The case-control analysis is performed by a Python3 script casecontrol.py
located inside scripts
directory. The locus-based analysis can be run
like so:
python3 casecontrol.py locus \
--manifest manifest.txt \
--multisample-profile multisample_profile.json \
--output-prefix output
The command to run the motif-based analysis is nearly identical:
python3 casecontrol.py motif \
--manifest manifest.txt \
--multisample-profile multisample_profile.json \
--output-prefix output
The input parameters manifest.txt and multisample_profile.json are as described previously.

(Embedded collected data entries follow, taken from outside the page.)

(* Let $d\ge3$, let $(O_1,\dots,O_n)\in SO(d)^n$ and $(r_1,\dots,r_n)\in(0,\infty)^n$, and let $\Gamma=\langle\{r_iO_i,\ r_i^{-1}O_i^{-1}: 1\le i\le n\}\rangle\le CO(d)$. Suppose that (1) $\langle\{O_i,O_i^{-1}:1\le i\le n\}\rangle=SO(d)$; (2) $\langle\{\log r_i,-\log r_i:1\le i\le n\}\rangle=\mathbb{R}$ (in the additive group $\mathbb{R}$); (3) $rI\in\Gamma$ for some $r>0$ with $r\ne1$. Then $\Gamma=CO(d)$.
   Context: $CO(d)=\{rO:r>0,O\in SO(d)\}$. For a subset $\mathcal A$ of a topological group, $\langle\mathcal A\rangle$ is the closure of $\{A_1\cdots A_n:n\ge1,A_i\in\mathcal A\}$ (with the group operation, addition in $\mathbb{R}$). *)

theory Defs
  imports "HOL-Analysis.Analysis"
begin

definition SO :: "(real^'n^'n) set" where
  "SO = {Q. orthogonal_matrix Q \<and> det Q = 1}"

definition CO :: "(real^'n^'n) set" where
  "CO = {r *\<^sub>R Q | r Q. r > 0 \<and> Q \<in> SO}"

definition mgen :: "(real^'n^'n) set \<Rightarrow> (real^'n^'n) set \<Rightarrow> (real^'n^'n) set" where
  "mgen G A = G \<inter> closure {foldr (**) xs (mat 1) | xs. xs \<noteq> [] \<and> set xs \<subseteq> A}"

definition agen :: "real set \<Rightarrow> real set" where
  "agen A = closure {sum_list xs | xs. xs \<noteq> [] \<and> set xs \<subseteq> A}"

end

theory Submission
  imports Defs
begin

(* Let C be the closure, in the space of all matrices, of the semigroup generated by the r_i O_i
   and their inverses. Approximate a rotation Q by words in the O_i, lift the words to C, and
   normalise their scale factors into a compact interval [1, t] with the scalars t^k I in C
   supplied by (3); a limit point gives a Q in C for some a > 0. The scales cancel in commutators,
   so C contains all commutators of SO(d), and for d >= 3 these generate SO(d), since every
   product of two reflections is a commutator of rotations. Once SO(d) lies in C, the density of
   the sums of +-log r_i produces every scalar c I, hence CO(d) lies in C. *)

lemma SO_mult: "A \<in> SO \<Longrightarrow> B \<in> SO \<Longrightarrow> A ** B \<in> SO"
  by (simp add: SO_def orthogonal_matrix_mul det_mul)

lemma SO_transpose: "A \<in> SO \<Longrightarrow> transpose A \<in> SO"
  by (simp add: SO_def)

lemma SO_one: "mat 1 \<in> SO"
  by (simp add: SO_def orthogonal_matrix_id)

lemma SO_transpose_mult: "Q \<in> SO \<Longrightarrow> transpose Q ** Q = mat 1"
  by (simp add: SO_def orthogonal_matrix)

lemma SO_mult_transpose: "Q \<in> SO \<Longrightarrow> Q ** transpose Q = mat 1"
  by (simp add: SO_def orthogonal_matrix_def)

lemma SO_matrix_inv:
  assumes "Q \<in> SO"
  shows "matrix_inv Q = transpose Q"
proof -
  have "Q ** transpose Q = mat 1 \<and> transpose Q ** Q = mat 1"
    using assms by (simp add: SO_mult_transpose SO_transpose_mult)
  then have inv: "Q ** matrix_inv Q = mat 1 \<and> matrix_inv Q ** Q = mat 1"
    unfolding matrix_inv_def by (rule someI)
  have "matrix_inv Q = (matrix_inv Q ** Q) ** transpose Q"
    using assms by (simp add: SO_mult_transpose flip: matrix_mul_assoc)
  then show ?thesis
    using inv by simp
qed

lemma orthogonal_matrix_inner:
  fixes Q :: "real^'n^'n"
  assumes "orthogonal_matrix Q"
  shows "(Q *v x) \<bullet> (Q *v y) = x \<bullet> y"
proof -
  have "orthogonal_transformation ((*v) Q)"
    using assms by (simp add: orthogonal_transformation_matrix matrix_vector_mul_linear matrix_of_matrix_vector_mul)
  then show ?thesis
    by (simp add: orthogonal_transformation_def)
qed

lemma matrix_eq_on_axes:
  fixes A B :: "real^'n^'n"
  assumes "\<And>j. A *v axis j 1 = B *v axis j 1"
  shows "A = B"
proof -
  have "column j A = column j B" for j
    using assms by (simp add: matrix_vector_mult_basis)
  then show ?thesis
    by (simp add: vec_eq_iff column_def)
qed

lemma scaleR_matrix_mult: "(a *\<^sub>R X) ** (b *\<^sub>R Y) = (a * b) *\<^sub>R (X ** Y :: real^'n^'n)"
  by (simp add: matrix_scalar_ac scalar_matrix_assoc[symmetric])

lemma CO_mult: "X \<in> CO \<Longrightarrow> Y \<in> CO \<Longrightarrow> X ** Y \<in> CO"
  unfolding CO_def by (clarsimp simp: scaleR_matrix_mult) (metis SO_mult mult_pos_pos)

lemma CO_left_inverse:
  assumes "c > 0" "Q \<in> SO" "X ** (c *\<^sub>R Q) = mat 1"
  shows "X = inverse c *\<^sub>R transpose Q"
proof -
  have "X = X ** ((c *\<^sub>R Q) ** (inverse c *\<^sub>R transpose Q))"
    using assms(1,2) by (simp add: scaleR_matrix_mult SO_mult_transpose)
  also have "\<dots> = inverse c *\<^sub>R transpose Q"
    by (simp add: matrix_mul_assoc assms(3))
  finally show ?thesis .
qed

section \<open>Householder reflections\<close>

(* Since 2 / 0 = 0, the junk value is householder 0 = mat 1. *)
definition householder :: "real^'n \<Rightarrow> real^'n^'n" where
  "householder v = mat 1 - (2 / (v \<bullet> v)) *\<^sub>R (\<chi> i j. v$i * v$j)"

lemma householder_apply: "householder v *v y = y - (2 * (v \<bullet> y) / (v \<bullet> v)) *\<^sub>R v"
proof -
  have "(\<chi> i j. v$i * v$j) *v y = (v \<bullet> y) *\<^sub>R v"
    by (simp add: vec_eq_iff matrix_vector_mult_def inner_vec_def sum_distrib_left sum_distrib_right mult_ac)
  then show ?thesis
    by (simp add: householder_def matrix_vector_mult_diff_rdistrib scaleR_matrix_vector_assoc[symmetric])
qed

lemma householder_zero [simp]: "householder 0 = mat 1"
  by (simp add: householder_def)

lemma householder_scaleR: "c \<noteq> 0 \<Longrightarrow> householder (c *\<^sub>R v) = householder v"
  unfolding matrix_eq householder_apply
  by (auto simp: inner_scaleR_left inner_scaleR_right field_simps)

lemma householder_minus: "householder (- v) = householder v"
  using householder_scaleR[of "-1" v] by simp

lemma transpose_householder [simp]: "transpose (householder v) = householder v"
  by (simp add: householder_def transpose_def vec_eq_iff mat_def mult.commute)

lemma householder_involutive [simp]: "householder v ** householder v = mat 1"
proof (cases "v = 0")
  case False
  then show ?thesis
    unfolding matrix_eq matrix_vector_mul_assoc[symmetric] householder_apply
    by (auto simp: inner_diff_right inner_scaleR_right algebra_simps)
qed simp

lemma householder_involutive' [simp]: "householder v ** (householder v ** M) = M"
  by (simp add: matrix_mul_assoc)

lemma orthogonal_matrix_householder [simp]: "orthogonal_matrix (householder v)"
  by (simp add: orthogonal_matrix_def)

lemma householder_conj: "householder x ** householder v ** householder x = householder (householder x *v v)"
  unfolding matrix_eq matrix_vector_mul_assoc[symmetric]
proof
  fix y
  let ?H = "householder x"
  have "v \<bullet> (?H *v y) = (?H *v v) \<bullet> y"
    by (simp add: householder_apply inner_diff_right inner_diff_left inner_commute)
  moreover have "(?H *v v) \<bullet> (?H *v v) = v \<bullet> v"
    by (simp add: orthogonal_matrix_inner)
  moreover have "?H *v (?H *v y) = y"
    by (simp add: matrix_vector_mul_assoc)
  ultimately show "?H *v (householder v *v (?H *v y)) = householder (?H *v v) *v y"
    by (simp add: householder_apply[of v] householder_apply[of "?H *v v"]
        matrix_vector_mult_diff_distrib matrix_vector_mult_scaleR)
qed

lemma householder_swap:
  assumes "norm a = norm b"
  shows "householder (a - b) *v b = a"
proof (cases "a = b")
  case False
  have "a \<bullet> a = b \<bullet> b"
    using assms by (simp add: dot_square_norm)
  then have "(a - b) \<bullet> (a - b) = 2 * (b \<bullet> b - a \<bullet> b)" "(a - b) \<bullet> b = - (b \<bullet> b - a \<bullet> b)"
    by (simp_all add: inner_diff_left inner_diff_right inner_commute)
  moreover have "(a - b) \<bullet> (a - b) \<noteq> 0"
    using False by simp
  ultimately have "2 * ((a - b) \<bullet> b) / ((a - b) \<bullet> (a - b)) = -1"
    by (simp add: field_simps)
  then show ?thesis
    by (simp add: householder_apply)
qed simp

lemma householder_commute:
  assumes "u \<bullet> w = 0"
  shows "householder u ** householder w = householder w ** householder u"
  unfolding matrix_eq matrix_vector_mul_assoc[symmetric]
  using assms by (simp add: householder_apply inner_diff_right inner_commute algebra_simps)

Optional parameter | Description | Default |
---|---|---|
--min-count | Minimum number reads in a region for downstream analysis | 5 |
--target-regions | BED file with regions to which analysis should be restricted | NA |
--test-method | Method of calculating Wilcoxon Rank-Sum Test p-value* | normal |
* The default value normal
invokes the Normal approximation appropriate for
larger samples. To compute the p-value directly for smaller samples, use
permute_<N>
where N is the number of permutations. For example,
permute_1000000 invokes a test with 1000000 permutations.
The program produces two output files. One of them summarizes per-locus comparison of in-repeat reads. The other file summarizes the overall genome-wide comparison of motifs.